WHAT IS BEING ASKED — Which lines of the data contain the string "forall"? Copy every one.

***

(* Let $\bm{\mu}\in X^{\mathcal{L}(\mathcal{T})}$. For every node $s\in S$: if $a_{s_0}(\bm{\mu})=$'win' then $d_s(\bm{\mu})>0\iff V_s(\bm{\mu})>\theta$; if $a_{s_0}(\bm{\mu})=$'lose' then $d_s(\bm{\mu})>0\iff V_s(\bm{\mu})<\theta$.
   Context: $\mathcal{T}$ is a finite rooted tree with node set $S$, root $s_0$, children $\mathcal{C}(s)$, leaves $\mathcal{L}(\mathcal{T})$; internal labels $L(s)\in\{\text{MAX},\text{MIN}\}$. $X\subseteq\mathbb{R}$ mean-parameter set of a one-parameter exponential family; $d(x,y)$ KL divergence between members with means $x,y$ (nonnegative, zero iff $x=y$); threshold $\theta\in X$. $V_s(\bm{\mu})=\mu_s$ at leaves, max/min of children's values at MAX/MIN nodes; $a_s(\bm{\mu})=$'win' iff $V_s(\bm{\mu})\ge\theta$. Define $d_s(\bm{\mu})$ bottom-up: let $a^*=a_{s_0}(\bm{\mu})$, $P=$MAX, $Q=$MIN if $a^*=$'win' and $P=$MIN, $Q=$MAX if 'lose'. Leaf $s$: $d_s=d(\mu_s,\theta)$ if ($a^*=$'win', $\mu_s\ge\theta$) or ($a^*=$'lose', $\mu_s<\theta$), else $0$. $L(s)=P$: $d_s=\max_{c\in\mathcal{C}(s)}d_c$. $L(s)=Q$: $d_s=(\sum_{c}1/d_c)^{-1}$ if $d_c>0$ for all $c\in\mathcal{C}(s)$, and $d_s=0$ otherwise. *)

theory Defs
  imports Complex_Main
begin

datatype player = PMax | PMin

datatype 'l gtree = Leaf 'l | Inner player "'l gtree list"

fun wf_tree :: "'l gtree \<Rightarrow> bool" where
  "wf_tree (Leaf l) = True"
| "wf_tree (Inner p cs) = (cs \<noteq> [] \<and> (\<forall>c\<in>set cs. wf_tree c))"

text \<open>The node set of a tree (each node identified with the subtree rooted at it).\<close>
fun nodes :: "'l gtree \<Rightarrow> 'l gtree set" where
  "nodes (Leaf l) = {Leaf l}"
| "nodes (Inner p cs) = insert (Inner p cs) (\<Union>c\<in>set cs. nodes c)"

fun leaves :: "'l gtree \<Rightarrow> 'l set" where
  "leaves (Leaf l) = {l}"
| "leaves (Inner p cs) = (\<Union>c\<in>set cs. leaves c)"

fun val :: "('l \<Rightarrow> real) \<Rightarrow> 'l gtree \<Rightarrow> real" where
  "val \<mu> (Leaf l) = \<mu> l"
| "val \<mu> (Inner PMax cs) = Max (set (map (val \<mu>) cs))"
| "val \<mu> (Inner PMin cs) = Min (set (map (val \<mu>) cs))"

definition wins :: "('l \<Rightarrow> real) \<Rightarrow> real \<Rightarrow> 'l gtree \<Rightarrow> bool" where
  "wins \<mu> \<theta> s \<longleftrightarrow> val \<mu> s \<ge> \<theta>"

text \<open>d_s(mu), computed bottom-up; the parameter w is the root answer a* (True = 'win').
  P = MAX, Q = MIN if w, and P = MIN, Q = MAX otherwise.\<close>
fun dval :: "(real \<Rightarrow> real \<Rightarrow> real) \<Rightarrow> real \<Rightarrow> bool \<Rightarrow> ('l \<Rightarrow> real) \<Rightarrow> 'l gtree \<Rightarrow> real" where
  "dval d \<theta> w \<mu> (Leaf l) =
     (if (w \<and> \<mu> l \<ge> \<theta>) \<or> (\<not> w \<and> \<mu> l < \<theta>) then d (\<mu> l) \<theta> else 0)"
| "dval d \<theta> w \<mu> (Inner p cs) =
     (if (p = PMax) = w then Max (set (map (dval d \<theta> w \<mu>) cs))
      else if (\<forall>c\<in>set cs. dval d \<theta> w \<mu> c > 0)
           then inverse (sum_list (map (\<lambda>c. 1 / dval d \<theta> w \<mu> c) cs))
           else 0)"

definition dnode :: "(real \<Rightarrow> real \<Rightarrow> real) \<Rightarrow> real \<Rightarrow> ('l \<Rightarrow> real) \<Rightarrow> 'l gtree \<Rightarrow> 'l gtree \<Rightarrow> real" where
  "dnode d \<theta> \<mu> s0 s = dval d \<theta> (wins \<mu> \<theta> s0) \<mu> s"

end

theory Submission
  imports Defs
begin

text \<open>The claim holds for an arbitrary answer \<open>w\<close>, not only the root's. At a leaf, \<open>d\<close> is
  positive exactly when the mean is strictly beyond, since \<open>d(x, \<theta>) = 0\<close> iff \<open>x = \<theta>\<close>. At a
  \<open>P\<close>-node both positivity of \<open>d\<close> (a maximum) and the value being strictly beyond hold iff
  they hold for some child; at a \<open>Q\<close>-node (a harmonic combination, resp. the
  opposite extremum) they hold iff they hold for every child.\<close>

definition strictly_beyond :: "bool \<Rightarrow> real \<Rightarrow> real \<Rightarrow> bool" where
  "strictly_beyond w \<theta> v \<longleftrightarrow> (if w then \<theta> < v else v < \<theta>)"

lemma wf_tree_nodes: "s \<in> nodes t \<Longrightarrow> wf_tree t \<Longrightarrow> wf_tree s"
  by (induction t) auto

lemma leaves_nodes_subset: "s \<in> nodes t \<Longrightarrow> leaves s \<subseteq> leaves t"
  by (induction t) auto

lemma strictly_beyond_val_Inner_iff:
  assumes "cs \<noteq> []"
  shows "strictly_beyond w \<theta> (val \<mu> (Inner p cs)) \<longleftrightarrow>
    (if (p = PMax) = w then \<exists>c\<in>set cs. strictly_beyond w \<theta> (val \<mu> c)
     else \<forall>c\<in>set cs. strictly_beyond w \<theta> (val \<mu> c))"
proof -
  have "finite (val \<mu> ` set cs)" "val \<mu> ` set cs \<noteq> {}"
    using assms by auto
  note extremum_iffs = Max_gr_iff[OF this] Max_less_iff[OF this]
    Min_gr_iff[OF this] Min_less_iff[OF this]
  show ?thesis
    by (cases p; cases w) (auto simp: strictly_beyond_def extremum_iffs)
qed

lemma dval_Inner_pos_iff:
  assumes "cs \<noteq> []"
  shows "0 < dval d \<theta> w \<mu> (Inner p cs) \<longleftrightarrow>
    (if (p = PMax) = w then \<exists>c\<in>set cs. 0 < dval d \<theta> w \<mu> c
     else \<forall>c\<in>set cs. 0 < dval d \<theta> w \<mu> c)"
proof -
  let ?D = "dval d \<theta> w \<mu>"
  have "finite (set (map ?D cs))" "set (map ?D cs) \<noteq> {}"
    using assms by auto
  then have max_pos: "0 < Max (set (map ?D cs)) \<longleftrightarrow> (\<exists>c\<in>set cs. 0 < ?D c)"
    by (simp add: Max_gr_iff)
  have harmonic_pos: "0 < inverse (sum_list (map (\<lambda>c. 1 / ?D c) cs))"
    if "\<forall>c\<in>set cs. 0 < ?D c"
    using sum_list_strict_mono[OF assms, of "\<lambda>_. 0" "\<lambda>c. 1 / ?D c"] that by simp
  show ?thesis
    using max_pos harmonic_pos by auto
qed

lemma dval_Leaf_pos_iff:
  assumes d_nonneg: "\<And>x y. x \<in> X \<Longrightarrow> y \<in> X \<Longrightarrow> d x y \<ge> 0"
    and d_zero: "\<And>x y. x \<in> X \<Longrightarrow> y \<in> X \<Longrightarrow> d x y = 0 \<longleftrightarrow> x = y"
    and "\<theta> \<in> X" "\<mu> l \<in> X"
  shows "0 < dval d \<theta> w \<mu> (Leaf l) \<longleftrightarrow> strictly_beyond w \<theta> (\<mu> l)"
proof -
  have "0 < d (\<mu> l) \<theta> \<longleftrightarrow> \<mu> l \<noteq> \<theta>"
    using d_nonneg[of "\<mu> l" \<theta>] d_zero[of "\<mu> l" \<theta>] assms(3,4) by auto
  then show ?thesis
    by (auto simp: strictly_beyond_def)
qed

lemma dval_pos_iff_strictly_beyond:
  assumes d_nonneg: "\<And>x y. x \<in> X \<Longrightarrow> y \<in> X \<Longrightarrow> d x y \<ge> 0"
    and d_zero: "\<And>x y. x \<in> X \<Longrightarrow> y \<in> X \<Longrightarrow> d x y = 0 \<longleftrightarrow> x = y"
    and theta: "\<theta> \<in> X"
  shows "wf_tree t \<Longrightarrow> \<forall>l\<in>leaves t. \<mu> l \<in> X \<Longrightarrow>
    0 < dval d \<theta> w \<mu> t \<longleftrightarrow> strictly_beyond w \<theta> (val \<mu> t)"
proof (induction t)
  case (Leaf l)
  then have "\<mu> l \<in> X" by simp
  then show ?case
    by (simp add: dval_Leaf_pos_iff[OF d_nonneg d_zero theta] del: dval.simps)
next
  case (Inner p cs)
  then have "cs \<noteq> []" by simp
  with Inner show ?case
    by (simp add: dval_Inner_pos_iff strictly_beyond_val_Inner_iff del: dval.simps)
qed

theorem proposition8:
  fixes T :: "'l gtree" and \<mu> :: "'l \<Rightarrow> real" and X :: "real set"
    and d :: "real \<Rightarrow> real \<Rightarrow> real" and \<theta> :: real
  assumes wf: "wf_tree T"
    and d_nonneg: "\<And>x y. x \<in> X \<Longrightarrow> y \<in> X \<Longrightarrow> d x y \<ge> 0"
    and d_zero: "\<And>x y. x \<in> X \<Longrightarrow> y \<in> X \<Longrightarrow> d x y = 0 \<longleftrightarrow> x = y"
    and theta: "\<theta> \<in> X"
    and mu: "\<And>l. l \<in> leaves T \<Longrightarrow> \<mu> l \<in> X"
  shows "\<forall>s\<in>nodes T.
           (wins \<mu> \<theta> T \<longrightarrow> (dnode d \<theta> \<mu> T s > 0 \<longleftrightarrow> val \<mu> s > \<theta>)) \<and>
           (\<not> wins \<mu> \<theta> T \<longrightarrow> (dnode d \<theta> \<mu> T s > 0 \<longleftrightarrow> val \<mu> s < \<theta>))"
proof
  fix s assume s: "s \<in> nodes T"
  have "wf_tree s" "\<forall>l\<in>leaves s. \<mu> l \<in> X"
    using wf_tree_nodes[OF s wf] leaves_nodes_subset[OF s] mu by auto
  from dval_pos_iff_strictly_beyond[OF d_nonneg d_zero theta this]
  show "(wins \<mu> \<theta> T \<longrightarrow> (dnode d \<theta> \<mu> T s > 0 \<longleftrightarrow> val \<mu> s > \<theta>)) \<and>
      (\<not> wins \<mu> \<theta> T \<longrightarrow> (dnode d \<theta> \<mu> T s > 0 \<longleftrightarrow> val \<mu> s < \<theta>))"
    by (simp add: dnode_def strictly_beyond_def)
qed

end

***

SOLUTION FOR THIS TASK —
| "wf_tree (Inner p cs) = (cs \<noteq> [] \<and> (\<forall>c\<in>set cs. wf_tree c))"
      else if (\<forall>c\<in>set cs. dval d \<theta> w \<mu> c > 0)
     else \<forall>c\<in>set cs. strictly_beyond w \<theta> (val \<mu> c))"
     else \<forall>c\<in>set cs. 0 < dval d \<theta> w \<mu> c)"
    if "\<forall>c\<in>set cs. 0 < ?D c"
  shows "wf_tree t \<Longrightarrow> \<forall>l\<in>leaves t. \<mu> l \<in> X \<Longrightarrow>
  shows "\<forall>s\<in>nodes T.
  have "wf_tree s" "\<forall>l\<in>leaves s. \<mu> l \<in> X"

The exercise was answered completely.